Discrete Distribution on C# Objects

In this lesson, we will learn how to apply discrete distribution on C# objects, and write a wrapper class for it.

In the previous lesson, we showed how we could implement more of the standard, straightforward probability distributions, like the Bernoulli distribution.


Uniformly Choosing Between Objects

Typically when we are working on a line-of-business program, we’re working on objects that are meaningful in that line of business, and not necessarily on integers. Just to pick an example, suppose we want to uniformly choose between a cat, a dog, and a goldfish:

using SDU = StandardDiscreteUniform;
...
var animals = new List<Animal>()
  { new Cat(), new Dog(), new Goldfish() };

Traditionally, as we noted a while back, we’d write some mechanism-heavy code like:

var choice = animals[random.Next(0, animals.Length)];

Now, we sincerely hope you’re not satisfied with:

var choice = animals[SDU.Distribution(0, animals.Length-1).Sample()];

The problem here is that we’ve failed to push the “mechanism” code into a helper class, so let’s do that:

// This is wrong!
public sealed class DiscreteUniform<T> : IDiscreteDistribution<T>
{
  private readonly SDU sdu;
  private readonly List<T> support;
  public static DiscreteUniform<T> Distribution(IEnumerable<T> items) => new DiscreteUniform<T>(items);

  private DiscreteUniform(IEnumerable<T> items)
  {
    this.support = items.ToList();
    this.sdu = SDU.Distribution(0, support.Count – 1);
  }

  public IEnumerable<T> Support() => support;
  public T Sample() => support[sdu.Sample()];
  public int Weight(T t) => this.support.Contains(t) ? 1 : 0;
  public override string ToString() =>
    $"DiscreteUniform[{string.Join(",", support)}]";
}

Exercise: That code is wrong in a number of ways; what are they? Give it some thought and then click on Show Hint.

Fixing Problems

We’ll fix all these problems in our final implementation at the bottom of this lesson.

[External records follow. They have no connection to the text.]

lemma Ifun_ge:
  assumes y: "y \<in> admissible"
  shows "ereal (c0 * (radius y powr p - 1) - 2 * monomial_const * (weight_mass + 1) * radius y powr degree)
         \<le> Ifun F lam mu k a b p y"
proof -
  have yW: "y \<in> W1p p a b" using y by simp
  define g where "g = wderiv p a b y"
  define K where "K = monomial_const * radius y powr degree"
  define H where "H = (\<lambda>t. c0 * (indicator {a..b} t * \<bar>g t\<bar> powr p))"
  define S where "S = (\<lambda>t. K * (indicator {a..b} t * (weight t + 2)
      + indicator {a..b} t * \<bar>g t\<bar> powr p / radius y powr p))"
  have K: "0 \<le> K" using monomial_const_nonneg by (simp add: K_def)
  have gm: "(\<lambda>t. indicator {a..b} t * \<bar>g t\<bar> powr p) \<in> borel_measurable lborel"
    using borel_measurable_wderiv_powr[OF yW] by (simp add: g_def)
  have HI: "(\<integral>\<^sup>+t. ennreal (H t) \<partial>lborel) = ennreal (c0 * (radius y powr p - 1))"
  proof -
    have "(\<integral>\<^sup>+t. ennreal (H t) \<partial>lborel)
        = (\<integral>\<^sup>+t. ennreal c0 * ennreal (indicator {a..b} t * \<bar>g t\<bar> powr p) \<partial>lborel)"
      using c0 by (intro nn_integral_cong) (simp add: H_def ennreal_mult'[symmetric])
    also have "\<dots> = ennreal c0 * (\<integral>\<^sup>+t. ennreal (indicator {a..b} t * \<bar>g t\<bar> powr p) \<partial>lborel)"
      using gm by (simp add: nn_integral_cmult)
    finally show ?thesis
      using c0 p nn_integral_wderiv_powr[OF yW] W1p_radius_powr[of p a b y]
      by (simp add: g_def ennreal_mult'[symmetric])
  qed
  have "(\<integral>\<^sup>+t. ennreal (S t) \<partial>lborel)
      = ennreal K * (\<integral>\<^sup>+t. ennreal (indicator {a..b} t * (weight t + 2)
            + indicator {a..b} t * \<bar>g t\<bar> powr p / radius y powr p) \<partial>lborel)"
    using K weight_measurable gm
    by (simp add: S_def ennreal_mult' nn_integral_cmult weight_nonneg)
  also have "\<dots> \<le> ennreal K * ennreal (weight_mass + 1)"
    using nn_integral_slack_le[OF yW] by (intro mult_left_mono) (auto simp: g_def)
  finally have SI: "(\<integral>\<^sup>+t. ennreal (S t) \<partial>lborel) \<le> ennreal (K * (weight_mass + 1))"
    using K by (simp add: ennreal_mult')
  have "ereal (c0 * (radius y powr p - 1) - 2 * (K * (weight_mass + 1)))
      \<le> ext_integral a b (\<lambda>t. F (y t) (KP lam mu k a b y t) (g t) (BP lam mu k a b p y t) t)"
  proof (rule ext_integral_ge[OF _ _ _ _ HI SI])
    show "H \<in> borel_measurable lborel" "S \<in> borel_measurable lborel"
      using gm weight_measurable by (simp_all add: H_def S_def)
    show "0 \<le> H t" "0 \<le> S t" for t
      using c0 K weight_nonneg[of t] by (simp_all add: H_def S_def)
    show "0 \<le> K * (weight_mass + 1)"
      using K by (simp add: weight_mass_def)
    show "H t = 0" if "t \<notin> {a..b}" for t
      using that by (simp add: H_def)
    show "AE t in lborel. t \<in> {a..b} \<longrightarrow> H t - S t
        \<le> F (y t) (KP lam mu k a b y t) (g t) (BP lam mu k a b p y t) t"
      using section_weight_eq_weight
    proof eventually_elim
      case (elim t)
      then show ?case
        using integrand_ge[OF y _ elim] by (auto simp: H_def S_def K_def g_def algebra_simps)
    qed
  qed
  then show ?thesis
    by (simp add: Ifun_def g_def K_def algebra_simps)
qed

Suppose we’ve managed to fix the problems identified above. We now create a helper method:

public static IDiscreteDistribution<T> ToUniform<T>(this IEnumerable<T> items) =>
  DiscreteUniform<T>.Distribution(items);

And now our proposed code is much nicer:

var animals = new List<Animal>()
  { new Cat(), new Dog(), new Goldfish() };

var choice = animals.ToUniform().Sample();

That looks much nicer, but… it still does not look perfect. The call site is better with a readable fluent extension method but we have built yet another single-purpose wrapper class. This wrapper class is only good for making a uniform distribution of an arbitrary sequence. Suppose we have a non-uniform distribution of integers from 00 to nn — say, a binomial distribution — and we want to map a list of animals to that distribution; am I going to have to write a “binomial distribution on sequence” class that duplicates almost all the logic of the wrapper class above?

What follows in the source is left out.